The answer: Auburn.
The question: Who is the most recent victim of the mess known as the BCS?
Hey Auburn, we know how you feel.
Last year, when USC was left out of the BCS title game, the city of Los Angeles (minus a small contingent in Westwood) let out a collective groan. OU, LSU and USC all had the same 1-loss record, but only two could tango so USC was banished to the Rose Bowl.
Here we are, one year later and once again the BCS will leave a deserving team on the outside looking in at the title game. The difference: Auburn was not on top of both human polls like USC in 2003. Another difference is that this year both USC and Oklahoma, the two team who will meet in the BCS title game in Miami, won their conference. Last year, the Kansas State won the Big 12, beating OU in the conference's title game, but the BCS still allowed OU to play for the national championship. While Auburn also won its conference, it was simply farther behind in the polls.

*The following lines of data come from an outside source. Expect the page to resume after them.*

lemma W_spanned_by_independent_pair:
  assumes u: "u \<in> W" and v: "v \<in> W" and w: "w \<in> W" and uv: "wedge u v \<noteq> 0"
  shows "\<exists>a b. w = a *s u + b *s v"
proof -
  \<comment> \<open>\<open>u, v, u j, v j\<close> is a basis, and the \<open>u j, v j\<close> part of \<open>w\<close> vanishes by the eigenvalue split.\<close>
  define M :: "complex^4^4" where
    "M = (\<chi> i j. if j = 1 then u$i else if j = 2 then v$i else if j = 3 then Jv u $ i else Jv v $ i)"
  have M_mult: "M *v c = (c$1 *s u + c$2 *s v) + (c$3 *s Jv u + c$4 *s Jv v)" for c
    by (simp add: vec_eq_iff matrix_vector_mult_4 M_def algebra_simps)
  have split: "c$3 *s Jv u + c$4 *s Jv v = 0" if "M *v c \<in> W" for c
  proof (rule conj_eigencomponent_zero)
    show "S *v (c$1 *s u + c$2 *s v) = \<i> *s (c$1 *s u + c$2 *s v)"
      using W_add_scale[OF u v] by (simp add: W_def)
    show "S *v (c$3 *s Jv u + c$4 *s Jv v) = - \<i> *s (c$3 *s Jv u + c$4 *s Jv v)"
      using Jv_conj_eigen[OF u] Jv_conj_eigen[OF v]
      by (simp add: matrix_vector_right_distrib vector_scalar_commute algebra_simps)
    show "S *v (c$1 *s u + c$2 *s v + (c$3 *s Jv u + c$4 *s Jv v)) =
        \<i> *s (c$1 *s u + c$2 *s v + (c$3 *s Jv u + c$4 *s Jv v))"
      using that by (simp add: W_def M_mult)
  qed
  have "c = 0" if "M *v c = 0" for c
  proof -
    have J0: "c$3 *s Jv u + c$4 *s Jv v = 0"
      by (rule split) (simp add: that W_def)
    then have "c$1 *s u + c$2 *s v = 0"
      using that by (simp add: M_mult)
    note W_part = wedge_nonzero_imp_independent[OF uv this]
    have "cnj (c$3) *s u + cnj (c$4) *s v = 0"
      using J0 Jv_add_scale[of "cnj (c$3)" u "cnj (c$4)" v] by (simp add: Jv_eq_0_iff)
    note J_part = wedge_nonzero_imp_independent[OF uv this]
    show "c = 0"
      using W_part J_part by (simp add: vec4_eq_iff)
  qed
  then obtain B where "B ** M = mat 1"
    using matrix_left_invertible_ker by blast
  then have "M ** B = mat 1"
    using matrix_left_right_inverse by blast
  define c where "c = B *v w"
  then have w_eq: "w = M *v c"
    using \<open>M ** B = mat 1\<close> by (simp add: matrix_vector_mul_assoc)
  with w have "c$3 *s Jv u + c$4 *s Jv v = 0"
    by (intro split) simp
  with w_eq show ?thesis
    by (auto simp: M_mult)
qed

Any way you look at it, the system is flawed. USC went undefeated in a top conference (Pac-10) and got a bid to the Orange Bowl. Oklahoma went undefeated in a top conference (Big 12) and got a bid to the Orange Bowl. Auburn went undefeated in a top conference (the SEC, arguably the traditionally strongest conference in college football) and can play for third. That's horseshit!
Last year, USC could complain about flaws and how the system failed: They topped both human polls, and a team that didn't win its conference was in the title game. BIG FAILURES! People could easily say the 2003 BCS didn't work.

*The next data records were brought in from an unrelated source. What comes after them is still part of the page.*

interpretation l2: Metric_space "Collect square_summable" l2_dist
proof
  fix x y z :: "int \<Rightarrow> 'a"
  show "0 \<le> l2_dist x y"
    by (simp add: l2_dist_def l2_norm_nonneg)
  show "l2_dist x y = l2_dist y x"
    using l2_norm_minus[of "\<lambda>j. x j - y j"] by (simp add: l2_dist_def)
  assume "x \<in> Collect square_summable" "y \<in> Collect square_summable"
  then have xy: "square_summable (\<lambda>j. x j - y j)"
    using square_summable_diff by blast
  then show "l2_dist x y = 0 \<longleftrightarrow> x = y"
    by (simp add: l2_dist_def l2_norm_eq_0_iff fun_eq_iff)
  assume "z \<in> Collect square_summable"
  then have yz: "square_summable (\<lambda>j. y j - z j)"
    using \<open>y \<in> Collect square_summable\<close> square_summable_diff by blast
  have "(\<lambda>j. x j - y j + (y j - z j)) = (\<lambda>j. x j - z j)"
    by simp
  then show "l2_dist x z \<le> l2_dist x y + l2_dist y z"
    using square_summable_add[OF xy yz] by (simp add: l2_dist_def)
qed

lemma norm_le_l2_dist:
  "square_summable x \<Longrightarrow> square_summable y \<Longrightarrow> norm (x j - y j) \<le> l2_dist x y"
  unfolding l2_dist_def using square_summable_diff norm_le_l2_norm by blast

lemma l2_limit_imp_pointwise:
  assumes "limitin l2.mtopology \<sigma> g sequentially"
  shows "(\<lambda>m. \<sigma> m j) \<longlonglongrightarrow> g j"
proof (rule LIMSEQ_I)
  fix e :: real assume "e > 0"
  with assms obtain N where "square_summable g" "\<forall>m\<ge>N. square_summable (\<sigma> m) \<and> l2_dist (\<sigma> m) g < e"
    unfolding l2.limit_metric_sequentially by auto
  then show "\<exists>N. \<forall>m\<ge>N. norm (\<sigma> m j - g j) < e"
    using norm_le_l2_dist by (meson le_less_trans)
qed

lemma l2_limit_of_MCauchy:
  assumes "l2.MCauchy \<sigma>" and pointwise: "\<And>j. (\<lambda>n. \<sigma> n j) \<longlonglongrightarrow> h j"
  shows "limitin l2.mtopology \<sigma> h sequentially"
proof -
  from assms(1) have in_l2: "\<And>n. square_summable (\<sigma> n)"
    and cauchy: "\<And>e. e > 0 \<Longrightarrow> \<exists>N. \<forall>n n'. N \<le> n \<longrightarrow> N \<le> n' \<longrightarrow> l2_dist (\<sigma> n) (\<sigma> n') < e"
    unfolding l2.MCauchy_def by auto
  have tail: "\<exists>N. \<forall>n\<ge>N. square_summable (\<lambda>j. \<sigma> n j - h j) \<and> l2_dist (\<sigma> n) h \<le> e"
    if "e > 0" for e
  proof -
    obtain N where N: "\<forall>n n'. N \<le> n \<longrightarrow> N \<le> n' \<longrightarrow> l2_dist (\<sigma> n) (\<sigma> n') < e"
      using cauchy \<open>e > 0\<close> by blast
    have "square_summable (\<lambda>j. \<sigma> n j - h j) \<and> l2_norm (\<lambda>j. \<sigma> n j - h j) \<le> e" if "N \<le> n" for n
    proof (rule square_summable_pointwise_limit)
      show "(\<lambda>m. \<sigma> n j - \<sigma> m j) \<longlonglongrightarrow> \<sigma> n j - h j" for j
        by (intro tendsto_intros pointwise)
      show "\<forall>\<^sub>F m in sequentially. square_summable (\<lambda>j. \<sigma> n j - \<sigma> m j) \<and> l2_norm (\<lambda>j. \<sigma> n j - \<sigma> m j) \<le> e"
        using N \<open>N \<le> n\<close> square_summable_diff[OF in_l2 in_l2]
        unfolding eventually_sequentially l2_dist_def by (meson less_imp_le)
    qed
    then show ?thesis by (auto simp: l2_dist_def)
  qed
  then obtain N where "square_summable (\<lambda>j. \<sigma> N j - h j)"
    using zero_less_one by blast
  then have "square_summable (\<lambda>j. \<sigma> N j - (\<sigma> N j - h j))"
    using square_summable_diff[OF in_l2] by blast
  then have "square_summable h" by simp
  moreover have "\<exists>N. \<forall>n\<ge>N. square_summable (\<sigma> n) \<and> l2_dist (\<sigma> n) h < e" if "e > 0" for e
  proof -
    obtain N where "\<forall>n\<ge>N. l2_dist (\<sigma> n) h \<le> e / 2"
      using tail[of "e / 2"] \<open>e > 0\<close> by auto
    then show ?thesis
      using in_l2 \<open>e > 0\<close> by fastforce
  qed
  ultimately show ?thesis
    unfolding l2.limit_metric_sequentially by auto
qed

lemma l2_mcomplete: "Metric_space.mcomplete (Collect square_summable) (l2_dist :: (int \<Rightarrow> 'a::banach) \<Rightarrow> _)"
  unfolding l2.mcomplete_def
proof (intro allI impI)
  fix \<sigma> :: "nat \<Rightarrow> int \<Rightarrow> 'a" assume "l2.MCauchy \<sigma>"
  then have "Cauchy (\<lambda>n. \<sigma> n j)" for j
    unfolding l2.MCauchy_def Cauchy_def dist_norm using norm_le_l2_dist
    by (metis (no_types, lifting) le_less_trans mem_Collect_eq range_subsetD)
  then obtain h where "\<And>j. (\<lambda>n. \<sigma> n j) \<longlonglongrightarrow> h j"
    unfolding Cauchy_convergent_iff convergent_def by metis
  with \<open>l2.MCauchy \<sigma>\<close> show "\<exists>h. limitin l2.mtopology \<sigma> h sequentially"
    using l2_limit_of_MCauchy by blast
qed

lemma tendsto_fun_iff_pointwise:
  fixes f :: "'b \<Rightarrow> 'i \<Rightarrow> 'a::topological_space"
  shows "(f \<longlongrightarrow> l) F \<longleftrightarrow> (\<forall>i. ((\<lambda>x. f x i) \<longlongrightarrow> l i) F)"
  using limitin_componentwise[of "\<lambda>_. euclidean" UNIV f l F] by (simp add: euclidean_product_topology)

lemma l2_bounded_pointwise_convergent_subseq:
  fixes hs :: "nat \<Rightarrow> int \<Rightarrow> 'a::euclidean_space"
  assumes "\<And>m. square_summable (hs m)" "\<And>m. l2_norm (hs m) \<le> B"
  obtains r h where "strict_mono r" "square_summable h" "l2_norm h \<le> B"
    "\<And>j. (\<lambda>m. hs (r m) j) \<longlonglongrightarrow> h j"
proof -
  define S where "S = PiE (UNIV :: int set) (\<lambda>_. cball (0::'a) B)"
  have "compactin (product_topology (\<lambda>_. euclidean) UNIV) S"
    unfolding S_def by (subst compactin_PiE) auto
  then have "seq_compact S"
    by (simp add: euclidean_product_topology compact_imp_seq_compact)
  moreover have "hs m \<in> S" for m
    using order_trans[OF norm_le_l2_norm[OF assms(1)] assms(2)] by (auto simp: S_def)
  ultimately obtain h r where "strict_mono r" "(hs \<circ> r) \<longlonglongrightarrow> h"
    unfolding seq_compact_def by meson
  then have pointwise: "(\<lambda>m. hs (r m) j) \<longlonglongrightarrow> h j" for j
    by (simp add: tendsto_fun_iff_pointwise o_def)
  moreover have "square_summable h \<and> l2_norm h \<le> B"
    using assms by (intro square_summable_pointwise_limit[OF pointwise]) auto
  ultimately show ?thesis
    using that \<open>strict_mono r\<close> by blast
qed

This year, the human polls and the BCS agree. Both teams are conference champs. But what about Auburn? I'm not saying I'd rather see them in the title game instead of the Trojans, but how can a team in a major conference go undefeated and still not be able to at least play for the national title? That's just wrong.
This system isn't working. A playoff is clearly necessary. There is no other way to do it.
Here's my solution:
The top 6 teams in country go into a playoff tree formatted just like the NFL's conference playoffs. That allows the BCS to expand to five games, which it's looking to do.
The top two teams would have a bye.
The third-seed would play the sixth, and the fourth would play the fifth.
The first and second ranked teams would play the winners of those games in the national semifinals.
The winners would advance to the title game - the fifth game in this playoff.
While critics would ask, "What about the seventh-ranked team?" the line between the top teams in the country is evident moreso after the top six than the top two. With six computers and two human polls, there would be much, much less controversy over the sixth-seed than for one of two spots in the title game under the current format.
Now explain to me how that doesn't solve the problem?